Полная версия
Гедонизм
– Будто ты не знаешь,– ответил Апатов и потом добавил:
– Хотя, честно говоря, я бы не хотел идти.
– Почему же? – удивлённо и почти весело спросила Катя, на этот раз повернувшись к Апатову лицом и посмотрев на него выжидающе.
Тот тоже поглядел на неё – очень внимательно, как будто запоминая.
– Потому что не верю я тебе, Катя. Измучила ты меня.
«Да, да, это оно, оно!» – радостно думал наш герой, лёжа на своей койке.– «Всё после этого разговора поменялось. Я от всех ушёл, всех бросил… Только Радин со мной был, но разве от него отобьёшься? Ходил всё, исправить меня пытался… И ведь действительно, только Гоша пытался меня исправить. Но был ли он? Был ли Гоша на самом деле? Был ли Паша на самом деле? Или вся моя жизнь прошла лишь у меня в голове? Прошла…

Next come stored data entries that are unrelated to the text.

text \<open>For a threshold t, similarity at least t is an equivalence relation on the points
  x with k x x \<ge> t, since a strong kernel is an ultrametric similarity; its classes are the
  clusters at level t. A bijection between X and Y can pair at most min |X \<inter> C| |Y \<inter> C|
  points of a cluster C with each other, so at most the sum over all clusters C of these
  minima of its pairs reach similarity t, and greedily matching a most similar pair first
  attains this bound at every level simultaneously. Writing each kernel value as the sum of
  the gaps between consecutive kernel values below it, the optimal assignment kernel becomes
  a nonnegative combination of these histogram intersection kernels, which are positive
  semidefinite because min a b is the sum over q of [q < a] [q < b].\<close>

section \<open>Layer cake decomposition of a finite sum\<close>

definition gap :: "real set \<Rightarrow> real \<Rightarrow> real" where
  "gap V v = v - Max (insert 0 {u\<in>V. u < v})"

lemma gap_nonneg:
  assumes "finite V" "0 \<le> v"
  shows "0 \<le> gap V v"
  using assms by (simp add: gap_def)

lemma sum_gaps_below_eq:
  assumes fin: "finite V" and nonneg: "\<forall>v\<in>V. 0 \<le> v"
  shows "a \<in> insert 0 V \<Longrightarrow> (\<Sum>v | v \<in> V \<and> v \<le> a. gap V v) = a"
proof (induction "card {v\<in>V. v \<le> a}" arbitrary: a rule: less_induct)
  case less
  show ?case
  proof (cases "a = 0")
    case True
    have "gap V v = 0" if "v \<in> V" "v \<le> a" for v
    proof -
      have "v = 0" "{u\<in>V. u < 0} = {}" using that True nonneg by force+
      then show ?thesis by (simp only: gap_def) simp
    qed
    then show ?thesis using True by simp
  next
    case False
    define p where "p = Max (insert 0 {u\<in>V. u < a})"
    have a: "a \<in> V" "0 < a" using less.prems False nonneg by auto
    have p: "p \<in> insert 0 V" "p < a" "\<And>u. u \<in> V \<Longrightarrow> u < a \<Longrightarrow> u \<le> p"
      using Max_in[of "insert 0 {u\<in>V. u < a}"] fin a by (auto simp: p_def)
    have below: "{v\<in>V. v \<le> a} = insert a {v\<in>V. v \<le> p}" and a_notin: "a \<notin> {v\<in>V. v \<le> p}"
      using a p by force+
    have "card {v\<in>V. v \<le> p} < card {v\<in>V. v \<le> a}"
      unfolding below using a_notin fin by simp
    then have "(\<Sum>v | v \<in> V \<and> v \<le> p. gap V v) = p" using less.hyps p(1) by blast
    moreover have "gap V a = a - p" by (simp add: gap_def p_def)
    ultimately show ?thesis using below a_notin fin by simp
  qed
qed
(* Let $\iota$ be a continuous involution of $G$, $H$ a pro-$p$ open compact subgroup of $G$ and $\chi$ a character of $H$. Suppose there is $w\in G$ with $\iota(H)=H^w$ and $\chi^{-1}\circ\iota=\chi^w$. Then for every $g\in G$, the character $\chi^g$ is trivial on $H^g\cap G^\iota$ if and only if $w\,\iota(g)\,g^{-1}$ intertwines $\chi$.
   Context: $F$ is a non-archimedean locally compact field of odd residue characteristic $p$, $A$ a central simple $F$-algebra and $G=A^\times$. $G^\iota$ is the fixed-point subgroup of $\iota$. For $g\in G$: $H^g=g^{-1}Hg$ and $\chi^g(x)=\chi(gxg^{-1})$ for $x\in H^g$. An element $\gamma\in G$ intertwines $\chi$ if $\chi(h)=\chi^\gamma(h)$ for all $h\in H\cap H^\gamma$. *)

theory Defs
  imports "HOL-Analysis.Analysis"
begin

definition abs_val :: "('f::field \<Rightarrow> real) \<Rightarrow> bool" where
  "abs_val v \<longleftrightarrow> (\<forall>x. v x \<ge> 0) \<and> (\<forall>x. v x = 0 \<longleftrightarrow> x = 0) \<and>
     (\<forall>x y. v (x * y) = v x * v y) \<and> (\<forall>x y. v (x + y) \<le> v x + v y)"

definition F_top :: "('f::field \<Rightarrow> real) \<Rightarrow> 'f topology" where
  "F_top v = Metric_space.mtopology UNIV (\<lambda>x y. v (x - y))"

text \<open>Non-archimedean, non-trivially valued, locally compact field whose residue
  field has characteristic p (i.e. v(p) < 1).\<close>
definition nonarch_local_field :: "('f::field \<Rightarrow> real) \<Rightarrow> nat \<Rightarrow> bool" where
  "nonarch_local_field v p \<longleftrightarrow> abs_val v \<and>
     (\<forall>x y. v (x + y) \<le> max (v x) (v y)) \<and>
     (\<exists>x. v x \<noteq> 0 \<and> v x \<noteq> 1) \<and>
     locally_compact_space (F_top v) \<and>
     prime p \<and> v (of_nat p) < 1"

text \<open>A is a ring type 'a; the F-algebra structure is given by the ring embedding e : F \<rightarrow> A
  (scalar multiplication c\<cdot>a = e c * a); b 0, ..., b (n-1) is an F-basis of A.\<close>

definition is_basis :: "('f::field \<Rightarrow> 'a::ring_1) \<Rightarrow> nat \<Rightarrow> (nat \<Rightarrow> 'a) \<Rightarrow> bool" where
  "is_basis e n b \<longleftrightarrow>
     (\<forall>a. \<exists>!c::nat \<Rightarrow> 'f. (\<forall>i\<ge>n. c i = 0) \<and> a = (\<Sum>i<n. e (c i) * b i))"

definition two_sided_ideal :: "'a::ring_1 set \<Rightarrow> bool" where
  "two_sided_ideal I \<longleftrightarrow> 0 \<in> I \<and> (\<forall>x\<in>I. \<forall>y\<in>I. x + y \<in> I) \<and> (\<forall>x\<in>I. - x \<in> I) \<and>
     (\<forall>x\<in>I. \<forall>a. a * x \<in> I \<and> x * a \<in> I)"

definition central_simple_algebra ::
    "('f::field \<Rightarrow> 'a::ring_1) \<Rightarrow> nat \<Rightarrow> (nat \<Rightarrow> 'a) \<Rightarrow> bool" where
  "central_simple_algebra e n b \<longleftrightarrow>
     e 1 = 1 \<and> (\<forall>x y. e (x + y) = e x + e y) \<and> (\<forall>x y. e (x * y) = e x * e y) \<and>
     (\<forall>c a. e c * a = a * e c) \<and>
     (\<forall>a. (\<forall>a'. a * a' = a' * a) \<longrightarrow> a \<in> range e) \<and>
     is_basis e n b \<and>
     e 1 \<noteq> 0 \<and> (\<forall>I::'a set. two_sided_ideal I \<longrightarrow> I = {0} \<or> I = UNIV)"

text \<open>Coordinates w.r.t. the basis, the sup-norm and the resulting (basis-independent)
  topology of A.\<close>
definition coord :: "('f::field \<Rightarrow> 'a::ring_1) \<Rightarrow> nat \<Rightarrow> (nat \<Rightarrow> 'a) \<Rightarrow> 'a \<Rightarrow> nat \<Rightarrow> 'f" where
  "coord e n b a = (THE c. (\<forall>i\<ge>n. c i = 0) \<and> a = (\<Sum>i<n. e (c i) * b i))"

definition A_norm :: "('f::field \<Rightarrow> real) \<Rightarrow> ('f \<Rightarrow> 'a::ring_1) \<Rightarrow> nat \<Rightarrow> (nat \<Rightarrow> 'a) \<Rightarrow> 'a \<Rightarrow> real" where
  "A_norm v e n b a = Max ((\<lambda>i. v (coord e n b a i)) ` {..<n})"

definition A_top :: "('f::field \<Rightarrow> real) \<Rightarrow> ('f \<Rightarrow> 'a::ring_1) \<Rightarrow> nat \<Rightarrow> (nat \<Rightarrow> 'a) \<Rightarrow> 'a topology" where
  "A_top v e n b = Metric_space.mtopology UNIV (\<lambda>x y. A_norm v e n b (x - y))"

definition units :: "'a::ring_1 set" where
  "units = {a. \<exists>a'. a * a' = 1 \<and> a' * a = 1}"

definition ginv :: "'a::ring_1 \<Rightarrow> 'a" where
  "ginv a = (THE a'. a * a' = 1 \<and> a' * a = 1)"

definition G_top :: "('f::field \<Rightarrow> real) \<Rightarrow> ('f \<Rightarrow> 'a::ring_1) \<Rightarrow> nat \<Rightarrow> (nat \<Rightarrow> 'a) \<Rightarrow> 'a topology" where
  "G_top v e n b = subtopology (A_top v e n b) units"

definition subgroup_of_units :: "'a::ring_1 set \<Rightarrow> bool" where
  "subgroup_of_units H \<longleftrightarrow> H \<subseteq> units \<and> 1 \<in> H \<and> (\<forall>x\<in>H. \<forall>y\<in>H. x * y \<in> H) \<and>
     (\<forall>x\<in>H. ginv x \<in> H)"

definition conj_set :: "'a::ring_1 set \<Rightarrow> 'a \<Rightarrow> 'a set" where
  "conj_set H g = (\<lambda>h. ginv g * h * g) ` H"

definition conj_char :: "('a::ring_1 \<Rightarrow> complex) \<Rightarrow> 'a \<Rightarrow> 'a \<Rightarrow> complex" where
  "conj_char chi g x = chi (g * x * ginv g)"

definition fixed_points :: "('a::ring_1 \<Rightarrow> 'a) \<Rightarrow> 'a set" where
  "fixed_points iota = {x \<in> units. iota x = x}"

definition continuous_involution :: "'a::ring_1 topology \<Rightarrow> ('a \<Rightarrow> 'a) \<Rightarrow> bool" where
  "continuous_involution T iota \<longleftrightarrow>
     (\<forall>x\<in>units. iota x \<in> units) \<and> (\<forall>x\<in>units. \<forall>y\<in>units. iota (x * y) = iota x * iota y) \<and>
     (\<forall>x\<in>units. iota (iota x) = x) \<and> continuous_map T T iota"

text \<open>Pro-p group (compact group, every open normal subgroup of p-power index;
  Hausdorff and total disconnectedness are automatic inside G).\<close>
definition normal_in :: "'a::ring_1 set \<Rightarrow> 'a set \<Rightarrow> bool" where
  "normal_in N H \<longleftrightarrow> subgroup_of_units N \<and> N \<subseteq> H \<and> (\<forall>h\<in>H. \<forall>x\<in>N. h * x * ginv h \<in> N)"

definition pro_p_group :: "'a::ring_1 topology \<Rightarrow> nat \<Rightarrow> 'a set \<Rightarrow> bool" where
  "pro_p_group T p H \<longleftrightarrow> subgroup_of_units H \<and> compactin T H \<and>
     (\<forall>N. normal_in N H \<and> openin (subtopology T H) N \<longrightarrow>
        (\<exists>k. card ((\<lambda>h. (\<lambda>x. h * x) ` N) ` H) = p ^ k))"

definition character :: "'a::ring_1 topology \<Rightarrow> 'a set \<Rightarrow> ('a \<Rightarrow> complex) \<Rightarrow> bool" where
  "character T H chi \<longleftrightarrow> (\<forall>x\<in>H. chi x \<noteq> 0) \<and> (\<forall>x\<in>H. \<forall>y\<in>H. chi (x * y) = chi x * chi y) \<and>
     continuous_map (subtopology T H) euclidean chi"

definition intertwines :: "'a::ring_1 set \<Rightarrow> ('a \<Rightarrow> complex) \<Rightarrow> 'a \<Rightarrow> bool" where
  "intertwines H chi \<gamma> \<longleftrightarrow> (\<forall>h \<in> H \<inter> conj_set H \<gamma>. chi h = conj_char chi \<gamma> h)"

end

theory Submission
  imports Defs "HOL-Algebra.Multiplicative_Group"
begin

text \<open>Put K = H^g, theta = chi^g and gamma = w iota(g) g^(-1). Conjugation by g turns
  "gamma intertwines chi" into "theta(y) theta(iota y) = 1 whenever y and iota y lie in K", using
  iota(H) = H^w and chi^(-1) o iota = chi^w. This condition is equivalent to triviality of theta on
  the iota-fixed points of K as soon as every k in K has a square root in K that iota fixes, resp.
  inverts, whenever it fixes, resp. inverts, k. Such roots exist since H is pro-p with p odd:
  m^(p^j) tends to 1, so limit points of m^((p^j+1)/2) are square roots of m, and continuity of
  iota passes the symmetry of m on to them.\<close>

section \<open>Units and conjugation\<close>

lemma ginv_unique: "(x::'a::ring_1) * y = 1 \<Longrightarrow> y * x = 1 \<Longrightarrow> ginv x = y"
  unfolding ginv_def
proof (rule the_equality)
  fix z assume "x * y = 1" "y * x = 1" "x * z = 1 \<and> z * x = 1"
  then have "z = (y * x) * z" by simp
  also have "\<dots> = y" using \<open>x * z = 1 \<and> z * x = 1\<close> by (simp add: mult.assoc)
  finally show "z = y" .
qed simp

И впрямь прошла: я ведь наверняка умру сегодня. Но… но не может такого быть, чтобы она просто и бесследно сгинула, чёрт бы её взял! Что было в моей жизни такого стоящего, что? Одно разочарование было… Хотя вот, знаменитым стал: "Военный корреспондент Семён Апатов!" Но зачем мне эта знаменитость? Да плевать я на неё хотел, когда под танки лез. Я же лез не за этим… А зачем же ты лез, Сёма, зачем? Отвечай!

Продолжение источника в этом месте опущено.